Phenotypic data analysis

An unweighted two-stage univariate19 mixed model analysis was adopted to analyze the phenotypic traits (Fig. 1). In the first step, best linear unbiased estimates (BLUEs) were derived per environment for each trait with the following model:

$${{\rm{y}}}_{{\rm{ijk}}}={\rm{\mu }}+{{\rm{g}}}_{{\rm{i}}}+{{\rm{r}}}_{{\rm{j}}}+{{\rm{b}}}_{{\rm{k}}}\left({{\rm{r}}}_{{\rm{j}}}\right)+{{\rm{e}}}_{{\rm{ijk}}}{\rm{,}}$$
(1)

where, yijk denotes trait measurement from ith genotype (g) in kth block (b) nested in jth replication (r). In the model (1) all terms except the common mean (µ) and gi were considered random for deriving BLUEs, whereas all terms except µ were modelled as random to estimate variance(s) for deriving repeatabilities per environment as,

$${{\rm{R}}}_{{\rm{n}}}={{\rm{\sigma }}}_{{\rm{g}}}^{2}/\left({{\rm{\sigma }}}_{{\rm{g}}}^{2}+{{\rm{\sigma }}}_{{\rm{g}}}^{2}/{{\rm{n}}}_{{\rm{r}}}\right),$$
(2)

where, Rn denotes repeatability for a trait at nth environment, σ2g denotes the genotypic variance, σ2e denotes the error variance and nr denotes number of replications. In the second step, BLUEs across environments were calculated with the model,

$${{\rm{y}}}_{{\rm{im}}}={\rm{\mu }}+{{\rm{g}}}_{{\rm{i}}}+{{\rm{E}}}_{{\rm{m}}}+{{\rm{e}}}_{{\rm{im}}},$$
(3)

where, yim denotes trait measurement from ith genotype in the mth environment (E). In the model (3) all except the µ and gi terms were considered random for deriving BLUEs, whereas all terms except µ were modelled as random to estimate variance(s) for deriving heritabilities for a given trait.

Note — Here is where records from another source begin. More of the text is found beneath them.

lemma generate_lconj_symmetrized_eq_Trans_restr:
  fixes G :: "('a, 'b) monoid_scheme"
  defines "s \<equiv> elem_refl S rf bp"
  assumes G: "group G" and V: "V \<subseteq> Trans_restr S rf bp Y"
    and P: "Y = P ` carrier G" "bp = P \<one>\<^bsub>G\<^esub>"
    and A: "generate G A = carrier G"
    and V_act: "\<And>a. a \<in> A \<Longrightarrow> \<exists>t\<in>V. \<forall>h\<in>carrier G. t (P h) = P (a \<otimes>\<^bsub>G\<^esub> h)"
  shows "generate (BijGroup S) (V \<union> (\<lambda>v. lconj (BijGroup S) s (inv\<^bsub>BijGroup S\<^esub> v)) ` V)
      = Trans_restr S rf bp Y"
    (is "generate _ ?W = ?R")
proof -
  interpret B: group "BijGroup S" by (rule group_BijGroup)
  interpret G: group G by (rule G)
  define H where "H = generate (BijGroup S) ?W"
  have R_sub: "subgroup ?R (BijGroup S)" by (rule subgroup_Trans_restr)
  have W_R: "?W \<subseteq> ?R"
  proof -
    have "lconj (BijGroup S) s (inv\<^bsub>BijGroup S\<^esub> v) \<in> ?R" if "v \<in> ?R" for v
      unfolding s_def using lconj_Trans_restr[OF subgroup.m_inv_closed[OF R_sub that]] .
    then show ?thesis using V by blast
  qed
  then have W_in: "?W \<subseteq> carrier (BijGroup S)" using subgroup.subset[OF R_sub] by blast
  have H_sub: "subgroup H (BijGroup S)" unfolding H_def using B.generate_is_subgroup[OF W_in] .
  have H_R: "H \<subseteq> ?R" unfolding H_def using B.generate_subgroup_incl[OF W_R R_sub] .
  have H_lconj: "lconj (BijGroup S) s t \<in> H" if "t \<in> H" for t
    unfolding H_def s_def
    by (rule B.lconj_generate_symmetrized_closed[OF elem_refl_in_BijGroup[OF bp]
          elem_refl_square[OF bp] _ that[unfolded H_def s_def]])
      (use V subgroup.subset[OF R_sub] in blast)
  have V_H: "V \<subseteq> H" unfolding H_def using generate.incl[of _ ?W "BijGroup S"] by blast
  have P_in: "P h \<in> S" if "h \<in> carrier G" for h using that Y unfolding P(1) by blast
  have realized: "carrier G \<subseteq> realized_left_translations H G P"
  proof (rule G.carrier_subset_realized_left_translations[OF H_sub P_in A])
    fix a assume "a \<in> A"
    then obtain t where "t \<in> V" "\<forall>h\<in>carrier G. t (P h) = P (a \<otimes>\<^bsub>G\<^esub> h)" using V_act by blast
    then show "\<exists>t\<in>H. \<forall>h\<in>carrier G. t (P h) = P (a \<otimes>\<^bsub>G\<^esub> h)" using V_H by blast
  qed
  have H_trans: "\<exists>t\<in>H. t bp = y" if "y \<in> Y" for y
  proof -
    obtain h where h: "h \<in> carrier G" "y = P h" using \<open>y \<in> Y\<close> P by blast
    then obtain t where "t \<in> H" "t (P \<one>\<^bsub>G\<^esub>) = P (h \<otimes>\<^bsub>G\<^esub> \<one>\<^bsub>G\<^esub>)"
      using realized unfolding realized_left_translations_def by blast
    then show ?thesis using h P by auto
  qed
  have "?R \<subseteq> H"
    using Trans_restr_subset_of_transitive[OF H_sub H_R] H_lconj H_trans unfolding s_def by blast
  then show ?thesis using H_R unfolding H_def by blast
qed
definition valid_mdp :: "mdp \<Rightarrow> bool" where
  "valid_mdp M \<longleftrightarrow>
     mdp_player M \<subseteq> mdp_states M \<and>
     mdp_trans M \<subseteq> mdp_states M \<times> mdp_states M \<and>
     (\<forall>x\<in>mdp_states M. succs M x \<noteq> {}) \<and>
     (\<forall>x\<in>mdp_states M - mdp_player M. set_pmf (mdp_prob M x) \<subseteq> succs M x)"

definition infinitely_branching :: "mdp \<Rightarrow> bool" where
  "infinitely_branching M \<longleftrightarrow> (\<exists>x\<in>mdp_states M. infinite (succs M x))"

text \<open>Histories (partial plays ending in a player state): nonempty sequences
over S whose last state is a player state. A strategy is a function
nat list => nat pmf; only its values on histories matter.\<close>

definition histories :: "mdp \<Rightarrow> nat list set" where
  "histories M = {h. h \<noteq> [] \<and> set h \<subseteq> mdp_states M \<and> last h \<in> mdp_player M}"

text \<open>Probabilistic transducers with memory modes in a set Mem of naturals
(countable memory). The natural extension of the memory update to sequences.\<close>

fun upd_ext :: "(nat \<Rightarrow> nat \<Rightarrow> nat pmf) \<Rightarrow> nat \<Rightarrow> nat list \<Rightarrow> nat pmf" where
  "upd_ext pu m [] = return_pmf m"
| "upd_ext pu m (x # xs) = bind_pmf (pu m x) (\<lambda>m'. upd_ext pu m' xs)"
lemma even_prefix_extends_M_prefix:
  assumes "u \<noteq> []" "even (sum_list u)" "u @ v = M_prefix k @ w"
  shows "\<exists>r. u = M_prefix k @ r"
proof -
  obtain r where "u = M_prefix k @ r \<or> u @ r = M_prefix k"
    using append_eq_append_conv2[THEN iffD1, OF assms(3)] by blast
  moreover have "u @ r \<noteq> M_prefix k"
  proof
    assume "u @ r = M_prefix k"
    with assms(1) obtain u' where "u = 1 # u'" "u' @ r = replicate (k - 1) 2"
      by (cases u) auto
    then have "\<forall>x\<in>set u'. x = 2" by (metis UnI1 in_set_replicate set_append)
    then have "u' = replicate (length u') 2" by (simp add: replicate_length_same)
    then have "sum_list u = 1 + 2 * length u'"
      using \<open>u = 1 # u'\<close> by (metis sum_list.Cons sum_list_replicate mult.commute of_nat_id)
    with assms(2) show False by simp
  qed
  ultimately show ?thesis by blast
qed

lemma stable_submonoid_M_set: "stable_submonoid (M_set k)"
  unfolding stable_submonoid_def submonoid_def
proof (intro conjI ballI allI impI)
  show "[] \<in> M_set k" by (simp add: M_set_def)
  show "a @ b \<in> M_set k" if "a \<in> M_set k" "b \<in> M_set k" for a b
    using that by (auto simp: M_set_def)
  fix u v w
  assume u: "u \<in> M_set k" and uv: "u @ v \<in> M_set k" and vw: "v @ w \<in> M_set k"
  show "v \<in> M_set k"
  proof (cases "v = []")
    case False
    then obtain r where "v @ w = M_prefix k @ r" using vw by (auto simp: M_set_def)
    moreover have "fib_comp v" "even (sum_list v)" using fib_comp_even_if_in_M_set[OF u] fib_comp_even_if_in_M_set[OF uv] by auto
    ultimately show ?thesis using even_prefix_extends_M_prefix[OF False] by (auto simp: M_set_def)
  qed (simp add: M_set_def)
qed

lemma free_monoid_M_set: "free_monoid (M_set k)"
  by (rule free_monoid_if_stable[OF stable_submonoid_M_set])

definition occurs_at_parity :: "nat list \<Rightarrow> bool \<Rightarrow> nat list \<Rightarrow> bool" where
  "occurs_at_parity w e t \<longleftrightarrow> (\<exists>t1 r. t = t1 @ w @ r \<and> even (sum_list t1) = e)"

lemma not_occurs_at_parity_Nil [simp]: "w \<noteq> [] \<Longrightarrow> \<not> occurs_at_parity w e []"
  by (simp add: occurs_at_parity_def)

lemma occurs_at_parity_Cons:
  "occurs_at_parity w e (x # t) \<longleftrightarrow> e \<and> (\<exists>r. x # t = w @ r) \<or> occurs_at_parity w (e = even x) t"
proof
  assume "occurs_at_parity w e (x # t)"
  then obtain t1 r where t1: "x # t = t1 @ w @ r" "even (sum_list t1) = e"
    by (auto simp: occurs_at_parity_def)
  show "e \<and> (\<exists>r. x # t = w @ r) \<or> occurs_at_parity w (e = even x) t"
  proof (cases t1)
    case Nil
    then show ?thesis using t1 by auto
  next
    case (Cons y t1')
    then have "t = t1' @ w @ r" "even (sum_list t1') = (e = even x)" using t1 by auto
    then show ?thesis unfolding occurs_at_parity_def by blast
  qed
next
  assume "e \<and> (\<exists>r. x # t = w @ r) \<or> occurs_at_parity w (e = even x) t"
  then show "occurs_at_parity w e (x # t)"
  proof
    assume "e \<and> (\<exists>r. x # t = w @ r)"
    then show ?thesis unfolding occurs_at_parity_def by (metis append_Nil sum_list.Nil even_zero)
  next
    assume "occurs_at_parity w (e = even x) t"
    then obtain t1 r where "t = t1 @ w @ r" "even (sum_list t1) = (e = even x)"
      by (auto simp: occurs_at_parity_def)
    then have "x # t = (x # t1) @ w @ r" "even (sum_list (x # t1)) = e" by auto
    then show ?thesis unfolding occurs_at_parity_def by blast
  qed
qed

lemma occurs_at_parity_replicate_2 [simp]:
  assumes "w \<noteq> []" "hd w \<noteq> 2"
  shows "occurs_at_parity w e (replicate m 2 @ t) \<longleftrightarrow> occurs_at_parity w e t"
  using assms by (induction m) (auto simp: occurs_at_parity_Cons neq_Nil_conv)

lemma prime_of_M_set_iff_not_occurs:
  assumes c: "c \<in> M_set k" "c \<noteq> []"
  shows "prime_of (M_set k) c \<longleftrightarrow> \<not> occurs_at_parity (M_prefix k) False (tl c)"
proof -
  txt \<open>Removing the leading \<open>1\<close> of \<open>c\<close> flips parities: split points of \<open>c\<close> after an even sum
    are the positions in \<open>tl c\<close> after an odd sum.\<close>
  obtain t where t: "c = M_prefix k @ t" using c by (auto simp: M_set_def)
  have fc: "fib_comp c" and ec: "even (sum_list c)" using fib_comp_even_if_in_M_set[OF c(1)] by auto
  have "(\<exists>a b. a \<in> M_set k \<and> b \<in> M_set k \<and> c = a @ b \<and> a \<noteq> [] \<and> b \<noteq> [])
      \<longleftrightarrow> occurs_at_parity (M_prefix k) False (tl c)"
  proof
    assume "\<exists>a b. a \<in> M_set k \<and> b \<in> M_set k \<and> c = a @ b \<and> a \<noteq> [] \<and> b \<noteq> []"
    then obtain a b where ab: "a \<in> M_set k" "b \<in> M_set k" "c = a @ b" "a \<noteq> []" "b \<noteq> []"
      by blast
    then obtain ra rb where "a = M_prefix k @ ra" "b = M_prefix k @ rb"
      by (auto simp: M_set_def)
    moreover have "even (sum_list a)" using ab(1) by (auto simp: M_set_def)
    ultimately have "tl c = (replicate (k - 1) 2 @ ra) @ M_prefix k @ rb"
      and "even (sum_list (replicate (k - 1) 2 @ ra)) = False"
      using ab(3) by auto
    then show "occurs_at_parity (M_prefix k) False (tl c)"
      unfolding occurs_at_parity_def by blast
  next
    assume "occurs_at_parity (M_prefix k) False (tl c)"
    then obtain t1 r where t1: "tl c = t1 @ M_prefix k @ r" "odd (sum_list t1)"
      by (auto simp: occurs_at_parity_def)
    define a where "a = 1 # t1"
    define b where "b = M_prefix k @ r"
    have cab: "c = a @ b" using t t1 by (simp add: a_def b_def)
    have ea: "even (sum_list a)" using t1 by (simp add: a_def)
    have "fib_comp a" "fib_comp b" using fc cab by auto
    moreover have "even (sum_list b)" using ec ea cab by simp
    moreover have "a \<noteq> []" "a @ b = M_prefix k @ t" using cab t by (simp_all add: a_def)
    then obtain ra where "a = M_prefix k @ ra"
      using even_prefix_extends_M_prefix[OF _ ea] by blast
    ultimately have "a \<in> M_set k" "b \<in> M_set k" using ea by (auto simp: M_set_def b_def)
    then show "\<exists>a b. a \<in> M_set k \<and> b \<in> M_set k \<and> c = a @ b \<and> a \<noteq> [] \<and> b \<noteq> []"
      using cab by (auto simp: a_def b_def)
  qed
  then show ?thesis using c unfolding prime_of_def by blast
qed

The normality of the distribution of BLUEs across environments was tested for each trait with the Shapiro–Wilk test at p = 0.05. Heritability was estimated as:

$${{\rm{h}}}_{{\rm{plotbased}}}^{2}={{\rm{\sigma }}}_{g}^{2}/\left({{\rm{\sigma }}}_{g}^{2}+{{\rm{\sigma }}}_{{g}^{* }{\rm{e}}}^{2}+{{\rm{\sigma }}}_{g}^{2}\right),$$
(4)

and

$${{\rm{h}}}_{{\rm{entry}}\;{\rm{mean}}\;{\rm{based}}}^{2}={\sigma }_{{\rm{g}}}^{2}/\left({\sigma }_{{\rm{g}}}^{2}+{\sigma }_{{{\rm{g}}}^{* }{\rm{e}}}^{2}/\left({{\rm{n}}}_{{\rm{e}}}\right)+{\sigma }_{{\rm{e}}}^{2}/\left({{\rm{n}}}_{{\rm{e}}}^{\ast }{{\rm{n}}}_{{\rm{r}}}\right)\right){\rm{,}}$$
(5)

where, ne denotes number of environments and nr stands for (mean) number of replications.

Fig. 1
figure 1

Overview of the analysis.

For disease resistance traits (FHB, SEP, DTR), since complete-block structure was missing the previously described model (1) is reduced to:

$${{\rm{y}}}_{{\rm{ij}}}={\rm{\mu }}+{{\rm{g}}}_{{\rm{i}}}+{{\rm{r}}}_{{\rm{j}}}+{{\rm{e}}}_{{\rm{ij}}},$$
(6)

For the traits having few environments with just one replication (TKW, PC, ZEL, GPE) or traits with no complete-block replication in any of the environment (SDS, GH), the previously described model (1) was modified as follows,

$${{\rm{y}}}_{{\rm{ik}}}={\rm{\mu }}+{{\rm{g}}}_{{\rm{i}}}+{{\rm{b}}}_{{\rm{k}}}+{{\rm{e}}}_{{\rm{ik}}},$$
(7)

For disease resistance traits mean values for genotypes in a given replication of the respective trial were calculated (1) First across two assessments and then over two types of leaves for DTR as well as STB; (2) Across three assessments separately for incidence and severity score for FHB. In the latter case, an FHB score was additionally calculated as,

$$\left({\rm{mean}}\;{\rm{incidence}}\;{\rm{score}}\;{\rm{across}}\;{\rm{three}}\;{\rm{assessments}}\right)\times \left({\rm{mean}}\;{\rm{severity}}\;{\rm{score}}\;{\rm{across}}\;{\rm{three}}\;{\rm{assessments}}\right)\,/\,100$$
(8)

Biplot analysis

The genotype times environment (random) effects matrix (g*e matrix) was derived by fitting a one-step model, i.e.,

$${{\rm{y}}}_{{\rm{ijkm}}}={\rm{\mu }}+{{\rm{g}}}_{{\rm{i}}}+{{\rm{E}}}_{{\rm{m}}}+{{\rm{g}}}_{{\rm{i}}}:{{\rm{E}}}_{{\rm{m}}}+{{\rm{r}}}_{{\rm{j}}}+{{\rm{b}}}_{{\rm{k}}}+{{\rm{e}}}_{{\rm{ijkm}}},$$
(9)

for agronomic as well as quality traits, and

$${{\rm{y}}}_{{\rm{ijm}}}={\rm{\mu }}+{{\rm{g}}}_{{\rm{i}}}+{{\rm{E}}}_{{\rm{m}}}+{{\rm{g}}}_{{\rm{i}}}:{{\rm{E}}}_{{\rm{m}}}+{{\rm{r}}}_{{\rm{j}}}+{{\rm{e}}}_{{\rm{ijm}}},$$
(10)

for disease traits respectively. In model (9) as well as (10), all components except µ were assumed random and the biplot was produced from a rank two approximation of the centered g*e matrix as outlined in20.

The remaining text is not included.